InGaOx GAA transistor; 2D hybrid glaphene; simulating plasma.
Researchers from the University of Tokyo created a gate-all-around transistor made from gallium-doped indium oxide (InGaOx). Doping indium oxide with gallium suppressed oxygen vacancies, improving transistor reliability.
“We wanted our crystalline oxide transistor to feature a ‘gate-all-around’ structure, whereby the gate, which turns the current on or off, surrounds the channel where the current flows,” said Anlan Chen, a member of the Masa Kobayashi Lab at the University of Tokyo, in a press release. “By wrapping the gate entirely around the channel, we can enhance efficiency and scalability compared with traditional gates.”
The team used atomic layer deposition to coat the channel region of a gate-all-around transistor with a thin film of InGaOx. After deposition, the film was heated to transform it into the crystalline structure needed for electron mobility.
“Our gate-all-around MOSFET, containing a gallium-doped indium oxide layer, achieves high mobility of 44.5 cm2/Vs,” added Chen. “Crucially, the device demonstrates promising reliability by operating stably under applied stress for nearly three hours. In fact, our MOSFET outperformed similar devices that have previously been reported.” [1]
Researchers at Rice University, Banaras Hindu University, University of Sussex, Pennsylvania State University, and Universidade Federal de Minas Gerais developed a 2D hybrid material by integrating graphene and silica glass into a single, stable compound they call glaphene.
“The layers do not just rest on each other ⎯ electrons move and form new interactions and vibration states, giving rise to properties neither material has on its own,” said Sathvik Ajay Iyengar, a doctoral student at Rice, in a statement. “It opens the door to combining entirely new classes of 2D materials — such as metals with insulators or magnets with semiconductors — to create custom-built materials from the ground up.”
A two-step, single-reaction method was used to grow glaphene using a liquid chemical precursor that contains both silicon and carbon.
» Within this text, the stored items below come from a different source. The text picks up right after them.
lemma nearest_point_exists:
  assumes M: "subspace M"
  shows "\<exists>p\<in>hclosure ip M. \<forall>u\<in>M. hnorm ip (y - p) \<le> hnorm ip (y - p - u)"
proof -
  define d where "d = (INF u\<in>M. hnorm ip (y - u))"
  have M_ne: "M \<noteq> {}"
    using subspace_0[OF M] by blast
  have bdd: "bdd_below ((\<lambda>u. hnorm ip (y - u)) ` M)"
    by (rule bdd_belowI[of _ 0]) (auto simp: hnorm_nonneg)
  have d_le: "d \<le> hnorm ip (y - u)" if "u \<in> M" for u
    unfolding d_def using bdd that by (rule cINF_lower)
  have "\<exists>u\<in>M. hnorm ip (y - u) < d + inverse (real (Suc j))" for j
    using cINF_less_iff[OF M_ne bdd] unfolding d_def[symmetric]
    by (metis less_add_same_cancel1 positive_imp_inverse_positive of_nat_0_less_iff zero_less_Suc)
  then obtain m where mM: "\<And>j. m j \<in> M"
    and m_lt: "\<And>j. hnorm ip (y - m j) < d + inverse (real (Suc j))"
    by metis
  have lim: "(\<lambda>j. hnorm ip (y - m j)) \<longlonglongrightarrow> d"
  proof (rule tendsto_sandwich[OF _ _ tendsto_const])
    show "(\<lambda>j. d + inverse (real (Suc j))) \<longlonglongrightarrow> d"
      using tendsto_add[OF tendsto_const LIMSEQ_inverse_real_of_nat, of d] by simp
  qed (intro always_eventually allI d_le mM less_imp_le[OF m_lt])+
  obtain p where p: "hconv ip m p"
    using complete minimizing_sequence_cauchy[OF M mM d_le lim] by blast
  have "hnorm ip (y - p) \<le> hnorm ip (y - p - u)" if "u \<in> M" for u
  proof -
    have "hnorm ip (y - p) = d"
      using LIMSEQ_unique[OF hconv_hnorm_diff[OF p] lim] .
    moreover have "(\<lambda>j. hnorm ip (y - u - m j)) \<longlonglongrightarrow> hnorm ip (y - u - p)"
      using p by (rule hconv_hnorm_diff)
    moreover have "d \<le> hnorm ip (y - u - m j)" for j
      using d_le[of "m j + u"] subspace_add[OF M mM that] by (simp add: algebra_simps)
    ultimately show ?thesis
      by (simp add: LIMSEQ_le_const algebra_simps)
  qed
  moreover have "p \<in> hclosure ip M"
    using mM p unfolding hclosure_def by blast
  ultimately show ?thesis
    by blast
qed

lemma orthogonal_if_nearest:
  assumes nearest: "\<And>t. hnorm ip u \<le> hnorm ip (u - sc t v)"
  shows "ip u v = 0"
proof -
  define c where "c = ip u v"
  \<comment> \<open>For a small real s > 0, subtracting s c v would shorten u unless c = 0.\<close>
  define s where "s = 1 / ((hnorm ip v)\<^sup>2 + 1)"
  have pos: "0 < (hnorm ip v)\<^sup>2 + 1"
    by (simp add: add_nonneg_pos)
  then have "s > 0" and s_small: "s * (hnorm ip v)\<^sup>2 < 1"
    by (simp_all add: s_def)
  define t where "t = complex_of_real s * c"
  have "ip u (sc t v) = complex_of_real s * (c * cnj c)"
    by (simp add: ip_scale_right t_def c_def)
  then have "Re (ip u (sc t v)) = s * (cmod c)\<^sup>2"
    by (simp flip: complex_norm_square)
  moreover have "Re (ip (sc t v) (sc t v)) = s\<^sup>2 * (cmod c)\<^sup>2 * (hnorm ip v)\<^sup>2"
    using \<open>s > 0\<close> by (simp add: Re_ip_self_scale t_def norm_mult power_mult_distrib hnorm_power2)
  ultimately have "(hnorm ip (u - sc t v))\<^sup>2
      = (hnorm ip u)\<^sup>2 - 2 * (s * (cmod c)\<^sup>2) + s\<^sup>2 * (cmod c)\<^sup>2 * (hnorm ip v)\<^sup>2"
    by (simp only: hnorm_power2 Re_ip_self_diff)
  moreover have "(hnorm ip u)\<^sup>2 \<le> (hnorm ip (u - sc t v))\<^sup>2"
    using nearest[of t] hnorm_nonneg by (rule power_mono)
  ultimately have "s * (2 * (cmod c)\<^sup>2) \<le> s * ((cmod c)\<^sup>2 * (s * (hnorm ip v)\<^sup>2))"
    by (simp add: power2_eq_square algebra_simps)
  then have "2 * (cmod c)\<^sup>2 \<le> (cmod c)\<^sup>2 * (s * (hnorm ip v)\<^sup>2)"
    using \<open>s > 0\<close> by simp
  also have "\<dots> \<le> (cmod c)\<^sup>2"
    using s_small by (simp add: mult_left_le)
  finally show ?thesis
    by (simp add: c_def)
qed

lemma orthogonal_projection_exists:
  assumes M: "subspace M"
  shows "\<exists>p\<in>hclosure ip M. \<forall>u\<in>M. ip (y - p) u = 0"
proof -
  obtain p where "p \<in> hclosure ip M"
    and nearest: "\<And>u. u \<in> M \<Longrightarrow> hnorm ip (y - p) \<le> hnorm ip (y - p - u)"
    using nearest_point_exists[OF M] by blast
  moreover have "ip (y - p) u = 0" if "u \<in> M" for u
    using nearest subspace_scale[OF M that] by (intro orthogonal_if_nearest) blast
  ultimately show ?thesis
    by blast
qed

lemma subspace_if_closed_subspace: "closed_subspace sc ip L \<Longrightarrow> subspace L"
  by (simp add: closed_subspace_def subspace_def)

lemma closed_subspaceI:
  assumes "subspace L" and "\<And>f x. (\<And>k. f k \<in> L) \<Longrightarrow> hconv ip f x \<Longrightarrow> x \<in> L"
  shows "closed_subspace sc ip L"
  using assms unfolding closed_subspace_def subspace_def by blast

lemma closed_subspace_Int:
  "closed_subspace sc ip L \<Longrightarrow> closed_subspace sc ip K \<Longrightarrow> closed_subspace sc ip (L \<inter> K)"
  unfolding closed_subspace_def by blast

definition is_orth_proj :: "'h set \<Rightarrow> 'h \<Rightarrow> 'h \<Rightarrow> bool" where
  "is_orth_proj L x p \<longleftrightarrow> p \<in> L \<and> (\<forall>l\<in>L. ip (x - p) l = 0)"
By tuning oxygen levels during heating, the team first grew graphene then shifted conditions to favor the formation of a silica layer.
In further investigations, they found that the graphene and silica layers interact and bond in a unique way, partially sharing electrons across the interface and changing the material’s structure and behavior, turning a metal and an insulator into a new type of semiconductor. [2]
Researchers from Princeton Plasma Physics Laboratory, Applied Materials, University of Alberta, and Los Alamos National Laboratory developed a faster, more reliable way to simulate inductively coupled plasmas used in chip manufacturing.
“This new simulation allows us to model larger plasmas quickly while accurately conserving energy, helping to ensure the results reflect real physical processes rather than numerical artifacts,” said Igor Kaganovich, a principal research physicist at PPPL, in a release.
“The simulation is known as a particle-in-cell code because it tracks individual particles (or small groups of particles clumped together as so-called macroparticles) while they move in space from one grid cell to another,” explained PPPL’s Rachel Kremen in a release. “This approach works particularly well for the plasmas used in industrial devices where the gas pressure is low. A fluid approach doesn’t work for such plasmas because it uses average values instead of tracking individual particles.” [3]
[1] A. Chen, M. Kobayashi, et al. “A Gate-All-Around Nanosheet Oxide Semiconductor Transistor by Selective Crystallization of InGaOx for Performance and Reliability Enhancement.” 2025 Symposium on VLSI Technology and Circuits.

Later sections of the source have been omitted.